Exercise description: Your job is to return every line in the data holding the string "thesis".

*** Supplied records Section Begins ***

lemma approx_renyi_div_bernoulli_eq_Inf:
  assumes "0 \<le> \<delta>" "\<delta> < 1" "0 \<le> p" "p \<le> 1" "0 \<le> q" "q \<le> 1"
  shows "approx_renyi_div \<alpha> \<delta> (bernoulli_pmf p) (bernoulli_pmf q) =
    Inf {renyi_div \<alpha> (bernoulli_pmf a) (bernoulli_pmf b) | a b.
           a \<in> mixture_components \<delta> p \<and> b \<in> mixture_components \<delta> q}"
  unfolding approx_renyi_div_def
proof (rule arg_cong [where f = Inf], safe)
  fix P' P'' Q' Q'' :: "bool pmf"
  assume "\<forall>x. pmf (bernoulli_pmf p) x = (1 - \<delta>) * pmf P' x + \<delta> * pmf P'' x"
    and "\<forall>x. pmf (bernoulli_pmf q) x = (1 - \<delta>) * pmf Q' x + \<delta> * pmf Q'' x"
  then have "pmf P' True \<in> mixture_components \<delta> p" "pmf Q' True \<in> mixture_components \<delta> q"
    using bernoulli_mixture_iff assms by blast+
  then show "\<exists>a b. renyi_div \<alpha> P' Q' = renyi_div \<alpha> (bernoulli_pmf a) (bernoulli_pmf b) \<and>
      a \<in> mixture_components \<delta> p \<and> b \<in> mixture_components \<delta> q"
    using bool_pmf_eq_bernoulli by metis
next
  fix a b
  assume ab: "a \<in> mixture_components \<delta> p" "b \<in> mixture_components \<delta> q"
  then have "0 \<le> a" "a \<le> 1" "0 \<le> b" "b \<le> 1"
    by (auto simp: mixture_components_def)
  then obtain P'' Q'' where
      "\<forall>x. pmf (bernoulli_pmf p) x = (1 - \<delta>) * pmf (bernoulli_pmf a) x + \<delta> * pmf P'' x"
      "\<forall>x. pmf (bernoulli_pmf q) x = (1 - \<delta>) * pmf (bernoulli_pmf b) x + \<delta> * pmf Q'' x"
    using ab bernoulli_mixture_iff [OF assms(1-4), of "bernoulli_pmf a"]
      bernoulli_mixture_iff [OF assms(1,2,5,6), of "bernoulli_pmf b"]
    by auto
  then show "\<exists>P' P'' Q' Q''. renyi_div \<alpha> (bernoulli_pmf a) (bernoulli_pmf b) = renyi_div \<alpha> P' Q' \<and>
      (\<forall>x. pmf (bernoulli_pmf p) x = (1 - \<delta>) * pmf P' x + \<delta> * pmf P'' x) \<and>
      (\<forall>x. pmf (bernoulli_pmf q) x = (1 - \<delta>) * pmf Q' x + \<delta> * pmf Q'' x)"
    by blast
qed

lemma approx_renyi_div_bernoulli_reflect:
  assumes "0 \<le> \<delta>" "\<delta> < 1" "0 \<le> p" "p \<le> 1" "0 \<le> q" "q \<le> 1"
  shows "approx_renyi_div \<alpha> \<delta> (bernoulli_pmf (1 - p)) (bernoulli_pmf (1 - q)) =
    approx_renyi_div \<alpha> \<delta> (bernoulli_pmf p) (bernoulli_pmf q)"
proof -
  let ?S = "\<lambda>p q. {renyi_div \<alpha> (bernoulli_pmf a) (bernoulli_pmf b) | a b.
                    a \<in> mixture_components \<delta> p \<and> b \<in> mixture_components \<delta> q}"
  have reflect_subset: "?S (1 - p') (1 - q') \<subseteq> ?S p' q'" for p' q'
  proof safe
    fix a b
    assume "a \<in> mixture_components \<delta> (1 - p')" "b \<in> mixture_components \<delta> (1 - q')"
    then have "1 - a \<in> mixture_components \<delta> p'" "1 - b \<in> mixture_components \<delta> q'"
      and "0 \<le> a" "a \<le> 1" "0 \<le> b" "b \<le> 1"
      using mixture_components_reflect [OF \<open>\<delta> < 1\<close>] by (auto simp: mixture_components_def)
    then show "\<exists>a' b'. renyi_div \<alpha> (bernoulli_pmf a) (bernoulli_pmf b) =
        renyi_div \<alpha> (bernoulli_pmf a') (bernoulli_pmf b') \<and>
        a' \<in> mixture_components \<delta> p' \<and> b' \<in> mixture_components \<delta> q'"
      using renyi_div_bernoulli_reflect [of a b \<alpha>]
      by (intro exI [of _ "1 - a"] exI [of _ "1 - b"]) auto
  qed
  have "?S (1 - p) (1 - q) = ?S p q"
    using reflect_subset [of p q] reflect_subset [of "1 - p" "1 - q"] by simp
  then show ?thesis
    using assms by (simp add: approx_renyi_div_bernoulli_eq_Inf)
qed

context
  fixes \<alpha> \<delta> :: real
  assumes \<alpha>: "\<alpha> > 1" and \<delta>: "0 \<le> \<delta>" "\<delta> < 1"
begin

lemma approx_renyi_div_bernoulli_nonneg:
  assumes "0 \<le> p" "p \<le> 1" "0 \<le> q" "q \<le> 1"
  shows "0 \<le> approx_renyi_div \<alpha> \<delta> (bernoulli_pmf p) (bernoulli_pmf q)"
  using assms \<delta>
  by (auto simp: approx_renyi_div_bernoulli_eq_Inf mixture_components_def
      intro!: Inf_greatest renyi_div_bernoulli_nonneg [OF \<alpha>])

lemma approx_renyi_div_bernoulli_below:
  assumes "0 \<le> p" "p < q - \<delta>" "q \<le> 1"
  shows "approx_renyi_div \<alpha> \<delta> (bernoulli_pmf p) (bernoulli_pmf q) =
    renyi_div \<alpha> (bernoulli_pmf (p / (1 - \<delta>))) (bernoulli_pmf ((q - \<delta>) / (1 - \<delta>)))"
proof -
  let ?a = "p / (1 - \<delta>)" and ?b = "(q - \<delta>) / (1 - \<delta>)"
  have "?a \<in> mixture_components \<delta> p" "?b \<in> mixture_components \<delta> q"
    using assms \<delta> by (auto simp: mixture_components_def divide_le_cancel divide_le_eq_1_pos)
  moreover have "renyi_div \<alpha> (bernoulli_pmf ?a) (bernoulli_pmf ?b) \<le>
      renyi_div \<alpha> (bernoulli_pmf a) (bernoulli_pmf b)"
    if "a \<in> mixture_components \<delta> p" "b \<in> mixture_components \<delta> q" for a b
    using that assms \<delta>
    by (intro renyi_div_bernoulli_closer [OF \<alpha>])
      (auto simp: mixture_components_def divide_le_cancel divide_le_eq_1_pos)
  ultimately show ?thesis
    using assms \<delta> by (auto simp: approx_renyi_div_bernoulli_eq_Inf intro!: cInf_eq_minimum)
qed

lemma approx_renyi_div_bernoulli_above:
  assumes "0 \<le> q" "q + \<delta> < p" "p \<le> 1"
  shows "approx_renyi_div \<alpha> \<delta> (bernoulli_pmf p) (bernoulli_pmf q) =
    renyi_div \<alpha> (bernoulli_pmf ((p - \<delta>) / (1 - \<delta>))) (bernoulli_pmf (q / (1 - \<delta>)))"
proof -
  have "approx_renyi_div \<alpha> \<delta> (bernoulli_pmf p) (bernoulli_pmf q) =
      approx_renyi_div \<alpha> \<delta> (bernoulli_pmf (1 - p)) (bernoulli_pmf (1 - q))"
    using assms \<delta> by (simp add: approx_renyi_div_bernoulli_reflect)
  also have "\<dots> = renyi_div \<alpha> (bernoulli_pmf ((1 - p) / (1 - \<delta>)))
      (bernoulli_pmf ((1 - q - \<delta>) / (1 - \<delta>)))"
    using assms by (intro approx_renyi_div_bernoulli_below) auto
  also have "\<dots> = renyi_div \<alpha> (bernoulli_pmf (1 - (p - \<delta>) / (1 - \<delta>)))
      (bernoulli_pmf (1 - q / (1 - \<delta>)))"
    using \<delta> by (simp add: field_simps)
  also have "\<dots> = renyi_div \<alpha> (bernoulli_pmf ((p - \<delta>) / (1 - \<delta>))) (bernoulli_pmf (q / (1 - \<delta>)))"
    using assms \<delta> by (intro renyi_div_bernoulli_reflect) (auto simp: field_simps)
  finally show ?thesis .
qed

lemma approx_renyi_div_bernoulli_close:
  assumes "0 \<le> p" "p \<le> 1" "0 \<le> q" "q \<le> 1" "\<bar>p - q\<bar> \<le> \<delta>"
  shows "approx_renyi_div \<alpha> \<delta> (bernoulli_pmf p) (bernoulli_pmf q) = 0"
proof -
  define t where "t = max 0 (max ((p - \<delta>) / (1 - \<delta>)) ((q - \<delta>) / (1 - \<delta>)))"
  have "t \<in> mixture_components \<delta> p" "t \<in> mixture_components \<delta> q"
    using assms \<delta> by (auto simp: t_def mixture_components_def divide_le_cancel divide_le_eq_1_pos)
  moreover have "renyi_div \<alpha> (bernoulli_pmf t) (bernoulli_pmf t) = 0"
    using calculation by (intro renyi_div_bernoulli_same) (auto simp: mixture_components_def)
  moreover have "0 \<le> renyi_div \<alpha> (bernoulli_pmf a) (bernoulli_pmf b)"
    if "a \<in> mixture_components \<delta> p" "b \<in> mixture_components \<delta> q" for a b
    using that by (intro renyi_div_bernoulli_nonneg [OF \<alpha>]) (auto simp: mixture_components_def)
  ultimately show ?thesis
    unfolding approx_renyi_div_bernoulli_eq_Inf [OF \<delta> assms(1-4)]
    by (intro cInf_eq_minimum) (force, blast)
qed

*** Supplied records Section Ends ***

Response area:
  then show ?thesis
  ultimately show ?thesis
  finally show ?thesis .
  ultimately show ?thesis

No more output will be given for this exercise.